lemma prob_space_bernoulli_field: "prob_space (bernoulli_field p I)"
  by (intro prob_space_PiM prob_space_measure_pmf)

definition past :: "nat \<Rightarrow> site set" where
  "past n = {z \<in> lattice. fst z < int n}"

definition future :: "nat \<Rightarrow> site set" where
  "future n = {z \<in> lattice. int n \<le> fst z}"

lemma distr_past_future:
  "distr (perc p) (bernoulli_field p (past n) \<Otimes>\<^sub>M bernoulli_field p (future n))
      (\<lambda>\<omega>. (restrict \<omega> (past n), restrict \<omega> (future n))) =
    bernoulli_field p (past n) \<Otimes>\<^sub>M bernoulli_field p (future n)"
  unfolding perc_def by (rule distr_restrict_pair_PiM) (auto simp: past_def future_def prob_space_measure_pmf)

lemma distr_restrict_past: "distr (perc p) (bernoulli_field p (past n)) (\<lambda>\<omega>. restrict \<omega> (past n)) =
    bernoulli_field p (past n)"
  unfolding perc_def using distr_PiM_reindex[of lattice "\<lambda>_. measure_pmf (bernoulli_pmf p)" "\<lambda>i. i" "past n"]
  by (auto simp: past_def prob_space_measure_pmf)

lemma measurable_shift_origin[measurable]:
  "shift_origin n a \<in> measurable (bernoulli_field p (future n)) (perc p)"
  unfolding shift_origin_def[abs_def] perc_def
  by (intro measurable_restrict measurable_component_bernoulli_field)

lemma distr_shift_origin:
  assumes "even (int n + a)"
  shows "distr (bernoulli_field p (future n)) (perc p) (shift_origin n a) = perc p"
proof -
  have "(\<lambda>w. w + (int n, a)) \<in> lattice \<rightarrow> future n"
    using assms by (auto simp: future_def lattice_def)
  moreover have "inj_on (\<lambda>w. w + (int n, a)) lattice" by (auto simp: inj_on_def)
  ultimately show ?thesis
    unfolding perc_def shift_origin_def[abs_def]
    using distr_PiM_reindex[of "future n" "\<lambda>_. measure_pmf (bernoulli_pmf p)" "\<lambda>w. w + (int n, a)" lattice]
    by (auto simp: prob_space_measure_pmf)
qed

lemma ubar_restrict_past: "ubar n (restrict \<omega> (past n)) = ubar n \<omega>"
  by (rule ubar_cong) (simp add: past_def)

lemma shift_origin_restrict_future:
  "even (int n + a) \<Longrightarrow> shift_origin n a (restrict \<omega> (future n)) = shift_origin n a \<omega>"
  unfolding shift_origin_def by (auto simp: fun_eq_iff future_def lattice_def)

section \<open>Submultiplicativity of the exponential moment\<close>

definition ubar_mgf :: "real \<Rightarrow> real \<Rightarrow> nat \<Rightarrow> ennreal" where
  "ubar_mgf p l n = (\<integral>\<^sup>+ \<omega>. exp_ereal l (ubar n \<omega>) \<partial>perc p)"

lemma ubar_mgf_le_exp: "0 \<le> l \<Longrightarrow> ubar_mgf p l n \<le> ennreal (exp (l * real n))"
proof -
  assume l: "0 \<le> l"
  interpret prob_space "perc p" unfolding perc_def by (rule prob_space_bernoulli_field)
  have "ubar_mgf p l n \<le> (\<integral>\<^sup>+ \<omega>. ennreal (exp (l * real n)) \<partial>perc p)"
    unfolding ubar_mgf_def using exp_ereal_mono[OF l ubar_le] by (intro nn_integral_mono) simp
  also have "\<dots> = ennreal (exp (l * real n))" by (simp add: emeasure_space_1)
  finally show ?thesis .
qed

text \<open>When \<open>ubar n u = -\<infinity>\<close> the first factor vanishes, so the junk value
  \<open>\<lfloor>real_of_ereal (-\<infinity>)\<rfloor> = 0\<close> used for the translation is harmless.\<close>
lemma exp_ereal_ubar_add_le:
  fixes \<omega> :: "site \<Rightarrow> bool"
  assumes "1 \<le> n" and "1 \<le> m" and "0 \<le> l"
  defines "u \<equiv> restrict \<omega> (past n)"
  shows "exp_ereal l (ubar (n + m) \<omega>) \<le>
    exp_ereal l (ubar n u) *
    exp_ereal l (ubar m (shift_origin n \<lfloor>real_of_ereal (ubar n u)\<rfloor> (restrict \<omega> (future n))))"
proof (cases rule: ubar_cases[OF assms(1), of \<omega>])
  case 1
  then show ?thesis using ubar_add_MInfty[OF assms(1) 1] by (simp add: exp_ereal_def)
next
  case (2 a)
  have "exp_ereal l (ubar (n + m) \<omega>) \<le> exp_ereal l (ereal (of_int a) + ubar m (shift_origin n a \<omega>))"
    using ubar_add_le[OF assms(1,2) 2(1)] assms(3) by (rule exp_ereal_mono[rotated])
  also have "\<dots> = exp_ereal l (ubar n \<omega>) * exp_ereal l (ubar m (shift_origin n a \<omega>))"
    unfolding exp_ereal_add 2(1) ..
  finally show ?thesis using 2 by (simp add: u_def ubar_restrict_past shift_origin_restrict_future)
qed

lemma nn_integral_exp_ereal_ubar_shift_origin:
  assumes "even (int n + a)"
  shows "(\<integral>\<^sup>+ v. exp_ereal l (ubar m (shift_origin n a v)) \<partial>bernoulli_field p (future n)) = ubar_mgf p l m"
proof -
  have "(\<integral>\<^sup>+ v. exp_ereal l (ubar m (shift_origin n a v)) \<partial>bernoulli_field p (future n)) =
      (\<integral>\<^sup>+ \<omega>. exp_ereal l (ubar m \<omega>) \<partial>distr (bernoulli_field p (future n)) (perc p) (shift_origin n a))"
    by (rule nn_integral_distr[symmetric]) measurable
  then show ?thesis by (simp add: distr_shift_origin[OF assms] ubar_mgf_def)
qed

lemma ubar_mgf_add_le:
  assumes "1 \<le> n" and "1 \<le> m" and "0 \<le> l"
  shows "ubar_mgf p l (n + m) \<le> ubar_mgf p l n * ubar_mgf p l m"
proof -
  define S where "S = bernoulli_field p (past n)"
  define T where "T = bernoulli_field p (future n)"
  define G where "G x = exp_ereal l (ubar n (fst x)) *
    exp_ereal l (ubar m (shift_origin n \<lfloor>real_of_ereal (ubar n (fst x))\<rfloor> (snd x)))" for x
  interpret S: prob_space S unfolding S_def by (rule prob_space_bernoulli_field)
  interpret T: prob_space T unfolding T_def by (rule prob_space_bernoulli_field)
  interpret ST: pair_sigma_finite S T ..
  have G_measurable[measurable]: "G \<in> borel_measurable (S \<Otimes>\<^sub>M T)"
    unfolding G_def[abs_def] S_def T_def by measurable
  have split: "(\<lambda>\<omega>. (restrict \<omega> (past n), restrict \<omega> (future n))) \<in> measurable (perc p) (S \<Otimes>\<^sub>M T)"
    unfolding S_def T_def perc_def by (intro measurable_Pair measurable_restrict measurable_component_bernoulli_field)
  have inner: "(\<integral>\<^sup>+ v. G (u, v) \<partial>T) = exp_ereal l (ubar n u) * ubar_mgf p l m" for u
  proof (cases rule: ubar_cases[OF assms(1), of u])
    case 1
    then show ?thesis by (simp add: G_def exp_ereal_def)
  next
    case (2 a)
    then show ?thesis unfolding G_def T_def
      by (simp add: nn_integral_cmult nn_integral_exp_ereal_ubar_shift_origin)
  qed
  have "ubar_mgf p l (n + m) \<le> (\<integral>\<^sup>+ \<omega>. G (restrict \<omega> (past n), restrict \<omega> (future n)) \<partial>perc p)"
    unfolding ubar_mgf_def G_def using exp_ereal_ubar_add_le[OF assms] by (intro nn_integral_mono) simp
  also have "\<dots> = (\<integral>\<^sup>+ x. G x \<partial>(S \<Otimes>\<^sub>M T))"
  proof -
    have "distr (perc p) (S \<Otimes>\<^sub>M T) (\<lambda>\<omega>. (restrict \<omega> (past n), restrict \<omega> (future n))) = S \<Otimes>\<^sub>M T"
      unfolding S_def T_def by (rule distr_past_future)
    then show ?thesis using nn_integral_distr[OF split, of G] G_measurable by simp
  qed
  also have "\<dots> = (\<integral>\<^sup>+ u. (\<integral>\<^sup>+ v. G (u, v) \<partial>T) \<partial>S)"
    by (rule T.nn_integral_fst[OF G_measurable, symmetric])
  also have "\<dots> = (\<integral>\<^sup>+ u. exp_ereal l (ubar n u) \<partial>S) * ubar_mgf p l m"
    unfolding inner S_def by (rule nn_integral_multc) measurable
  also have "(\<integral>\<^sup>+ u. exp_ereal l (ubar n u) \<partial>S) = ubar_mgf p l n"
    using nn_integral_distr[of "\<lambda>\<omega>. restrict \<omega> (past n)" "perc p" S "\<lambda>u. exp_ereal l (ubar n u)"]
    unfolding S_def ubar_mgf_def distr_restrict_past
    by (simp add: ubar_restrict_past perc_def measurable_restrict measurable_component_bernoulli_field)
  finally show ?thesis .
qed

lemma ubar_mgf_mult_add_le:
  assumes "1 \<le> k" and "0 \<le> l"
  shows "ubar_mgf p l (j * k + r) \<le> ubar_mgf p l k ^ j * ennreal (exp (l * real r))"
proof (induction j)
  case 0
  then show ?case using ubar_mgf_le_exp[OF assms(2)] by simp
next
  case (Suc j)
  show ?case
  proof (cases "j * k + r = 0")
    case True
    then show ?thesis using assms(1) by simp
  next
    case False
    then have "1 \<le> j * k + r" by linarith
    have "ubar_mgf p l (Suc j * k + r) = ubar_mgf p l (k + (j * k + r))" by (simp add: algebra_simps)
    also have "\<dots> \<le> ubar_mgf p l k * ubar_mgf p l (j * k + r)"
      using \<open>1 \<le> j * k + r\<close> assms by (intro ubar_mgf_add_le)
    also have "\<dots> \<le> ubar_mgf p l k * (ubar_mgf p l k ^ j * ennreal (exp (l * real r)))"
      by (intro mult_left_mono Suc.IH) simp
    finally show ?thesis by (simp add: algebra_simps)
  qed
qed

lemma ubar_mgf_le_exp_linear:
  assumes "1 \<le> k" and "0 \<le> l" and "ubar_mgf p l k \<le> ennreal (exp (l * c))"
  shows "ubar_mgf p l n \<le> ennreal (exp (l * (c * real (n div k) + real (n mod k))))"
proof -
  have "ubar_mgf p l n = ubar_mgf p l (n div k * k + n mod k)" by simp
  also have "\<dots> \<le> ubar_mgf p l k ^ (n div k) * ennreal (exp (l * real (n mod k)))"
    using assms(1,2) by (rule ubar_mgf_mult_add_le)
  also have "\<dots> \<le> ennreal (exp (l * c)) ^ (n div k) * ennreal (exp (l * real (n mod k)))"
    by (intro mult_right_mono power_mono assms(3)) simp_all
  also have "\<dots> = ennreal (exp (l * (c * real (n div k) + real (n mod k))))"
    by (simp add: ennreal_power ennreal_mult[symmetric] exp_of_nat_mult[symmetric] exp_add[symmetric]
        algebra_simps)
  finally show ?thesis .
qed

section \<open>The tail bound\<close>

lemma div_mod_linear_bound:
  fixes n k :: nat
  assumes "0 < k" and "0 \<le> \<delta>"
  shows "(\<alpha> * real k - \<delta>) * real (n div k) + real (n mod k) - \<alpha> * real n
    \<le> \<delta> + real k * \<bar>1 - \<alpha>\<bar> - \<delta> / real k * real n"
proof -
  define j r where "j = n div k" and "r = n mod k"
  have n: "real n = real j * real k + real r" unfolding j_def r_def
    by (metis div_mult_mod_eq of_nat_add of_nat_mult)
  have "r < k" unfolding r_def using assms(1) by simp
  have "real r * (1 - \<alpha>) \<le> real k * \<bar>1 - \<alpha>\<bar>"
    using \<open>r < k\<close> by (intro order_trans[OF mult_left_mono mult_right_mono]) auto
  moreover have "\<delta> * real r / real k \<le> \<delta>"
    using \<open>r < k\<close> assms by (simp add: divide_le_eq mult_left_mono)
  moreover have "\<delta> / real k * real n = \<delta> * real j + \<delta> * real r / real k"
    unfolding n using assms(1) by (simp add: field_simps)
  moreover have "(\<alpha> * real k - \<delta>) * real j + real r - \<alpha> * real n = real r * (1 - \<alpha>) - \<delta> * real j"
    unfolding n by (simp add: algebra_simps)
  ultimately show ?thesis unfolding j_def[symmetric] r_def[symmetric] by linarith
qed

◆ **Goal of the exercise**
Write down every line of the data above that includes the string "inner".

◆ **Response**
  have inner: "(\<integral>\<^sup>+ v. G (u, v) \<partial>T) = exp_ereal l (ubar n u) * ubar_mgf p l m" for u
    unfolding inner S_def by (rule nn_integral_multc) measurable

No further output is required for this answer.